Sepp R, Csanády M
II. Belgyógyászati Klinika, Szent-Györgyi Albert Orvostudományi Egyetem, Szeged.
Orv Hetil. 1998 Aug 16;139(33):1965-71.
Recent developments in molecular genetics have allowed to identify mutations in seven genes coding the beta myosin heavy chain, troponin T, alpha tropomyosin, myosin binding protein C, essential and regulatory myosin light chains and troponin I causing hypertrophic cardiomyopathy. These mutations affect critical, evolutionary conserved nucleotides of these genes and influence vital functions of the encoded proteins. As all seven genes encodes sarcomeric proteins in the heart muscle, hypertrophic cardiomyopathy is regarded these days as a disease of the sarcomer. Recent data indicate that some mutations are associated with "malignant" clinical picture, with rapidly developing, severe symptoms of the disease and increased risk of sudden cardiac death while other mutations bear a more favourable prognosis. Apart of the disease causing mutation other factors, including disease modifier genes, are likely to make an impact on the clinical appearance of hypertrophic cardiomyopathy. The knowledge provided by molecular genetics influences the clinical management of the disease even today and based on the investigation of mutation carrying patients new diagnostic criteria was proposed for hypertrophic cardiomyopathy. The challenge for the future is the establishment of routine genetic diagnostics and the development of possible gene therapy.

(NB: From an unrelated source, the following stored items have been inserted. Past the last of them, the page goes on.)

(* Let $\sigma,\tau\in G_n=\mathrm{Aut}_{K\text{-alg}}(\mathbb{S}_n)$. Then the following are equivalent: (1) $\sigma=\tau$; (2) $\sigma(x_i)=\tau(x_i)$ for all $i=1,\dots,n$; (3) $\sigma(y_i)=\tau(y_i)$ for all $i=1,\dots,n$.
   Context: $K$ is a field of characteristic zero and $n\ge1$. $\mathbb{S}_n$ is the $K$-algebra generated by $x_1,\dots,x_n,y_1,\dots,y_n$ subject to the defining relations $y_1x_1=\cdots=y_nx_n=1$ and $[x_i,y_j]=[x_i,x_j]=[y_i,y_j]=0$ for all $i\ne j$. *)

theory Defs
  imports Main
begin

text \<open>The Jacobson algebra S_n, defined literally by its presentation:
  the free associative K-algebra on letters x_1..x_n, y_1..y_n (noncommutative
  polynomials = finitely supported functions on words), modulo the two-sided
  ideal generated by y_i x_i - 1 and the commutators [x_i,y_j], [x_i,x_j], [y_i,y_j]
  for i different from j.\<close>

datatype gen = Xg nat | Yg nat

type_synonym 'k ncpoly = "gen list \<Rightarrow> 'k"

definition gens :: "nat \<Rightarrow> gen set" where
  "gens n = {Xg i | i. i \<in> {1..n}} \<union> {Yg i | i. i \<in> {1..n}}"

definition ncP :: "nat \<Rightarrow> ('k::field) ncpoly set" where
  "ncP n = {f. finite {w. f w \<noteq> 0} \<and> (\<forall>w. f w \<noteq> 0 \<longrightarrow> set w \<subseteq> gens n)}"

definition nc_add :: "('k::field) ncpoly \<Rightarrow> 'k ncpoly \<Rightarrow> 'k ncpoly" where
  "nc_add f g = (\<lambda>w. f w + g w)"

definition nc_smult :: "'k::field \<Rightarrow> 'k ncpoly \<Rightarrow> 'k ncpoly" where
  "nc_smult c f = (\<lambda>w. c * f w)"

definition nc_sub :: "('k::field) ncpoly \<Rightarrow> 'k ncpoly \<Rightarrow> 'k ncpoly" where
  "nc_sub f g = (\<lambda>w. f w - g w)"

definition nc_mult :: "('k::field) ncpoly \<Rightarrow> 'k ncpoly \<Rightarrow> 'k ncpoly" where
  "nc_mult f g = (\<lambda>w. \<Sum>(u, v)\<in>{(u, v). u @ v = w}. f u * g v)"

definition nc_mon :: "gen list \<Rightarrow> ('k::field) ncpoly" where
  "nc_mon w = (\<lambda>v. if v = w then 1 else 0)"

definition nc_comm :: "('k::field) ncpoly \<Rightarrow> 'k ncpoly \<Rightarrow> 'k ncpoly" where
  "nc_comm f g = nc_sub (nc_mult f g) (nc_mult g f)"

inductive_set relI :: "nat \<Rightarrow> ('k::field) ncpoly set" for n where
  rel_yx: "i \<in> {1..n} \<Longrightarrow> nc_sub (nc_mult (nc_mon [Yg i]) (nc_mon [Xg i])) (nc_mon []) \<in> relI n"
| rel_xy: "i \<in> {1..n} \<Longrightarrow> j \<in> {1..n} \<Longrightarrow> i \<noteq> j \<Longrightarrow> nc_comm (nc_mon [Xg i]) (nc_mon [Yg j]) \<in> relI n"
| rel_xx: "i \<in> {1..n} \<Longrightarrow> j \<in> {1..n} \<Longrightarrow> i \<noteq> j \<Longrightarrow> nc_comm (nc_mon [Xg i]) (nc_mon [Xg j]) \<in> relI n"
| rel_yy: "i \<in> {1..n} \<Longrightarrow> j \<in> {1..n} \<Longrightarrow> i \<noteq> j \<Longrightarrow> nc_comm (nc_mon [Yg i]) (nc_mon [Yg j]) \<in> relI n"
| rel_zero: "(\<lambda>w. 0) \<in> relI n"
| rel_add: "f \<in> relI n \<Longrightarrow> g \<in> relI n \<Longrightarrow> nc_add f g \<in> relI n"
| rel_smult: "f \<in> relI n \<Longrightarrow> nc_smult c f \<in> relI n"
| rel_lmult: "f \<in> relI n \<Longrightarrow> p \<in> ncP n \<Longrightarrow> nc_mult p f \<in> relI n"
| rel_rmult: "f \<in> relI n \<Longrightarrow> p \<in> ncP n \<Longrightarrow> nc_mult f p \<in> relI n"

definition Srel :: "nat \<Rightarrow> (('k::field) ncpoly \<times> 'k ncpoly) set" where
  "Srel n = {(f, g). f \<in> ncP n \<and> g \<in> ncP n \<and> nc_sub f g \<in> relI n}"

definition Sn :: "nat \<Rightarrow> ('k::field) ncpoly set set" where
  "Sn n = ncP n // Srel n"

definition Sn_class :: "nat \<Rightarrow> ('k::field) ncpoly \<Rightarrow> 'k ncpoly set" where
  "Sn_class n f = Srel n `` {f}"

definition Sn_add :: "nat \<Rightarrow> ('k::field) ncpoly set \<Rightarrow> 'k ncpoly set \<Rightarrow> 'k ncpoly set" where
  "Sn_add n A B = Sn_class n (nc_add (SOME a. a \<in> A) (SOME b. b \<in> B))"

definition Sn_mult :: "nat \<Rightarrow> ('k::field) ncpoly set \<Rightarrow> 'k ncpoly set \<Rightarrow> 'k ncpoly set" where
  "Sn_mult n A B = Sn_class n (nc_mult (SOME a. a \<in> A) (SOME b. b \<in> B))"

分子遗传学的最新进展已能够鉴定出七个基因中的突变,这些基因编码β-肌球蛋白重链、肌钙蛋白T、原肌球蛋白α、肌球蛋白结合蛋白C、必需和调节性肌球蛋白轻链以及肌钙蛋白I,这些突变会导致肥厚型心肌病。这些突变影响这些基因中关键的、进化保守的核苷酸,并影响所编码蛋白质的重要功能。由于所有这七个基因都编码心肌中的肌节蛋白,如今肥厚型心肌病被视为一种肌节疾病。最近的数据表明,一些突变与“恶性”临床表现相关,伴有疾病快速发展、严重症状以及心脏性猝死风险增加,而其他突变的预后则较为良好。除了致病突变外,其他因素,包括疾病修饰基因,可能会对肥厚型心肌病的临床表现产生影响。即使在今天,分子遗传学提供的知识也影响着该疾病的临床管理,并且基于对携带突变患者的研究,提出了肥厚型心肌病的新诊断标准。未来的挑战是建立常规基因诊断以及开发可能的基因疗法。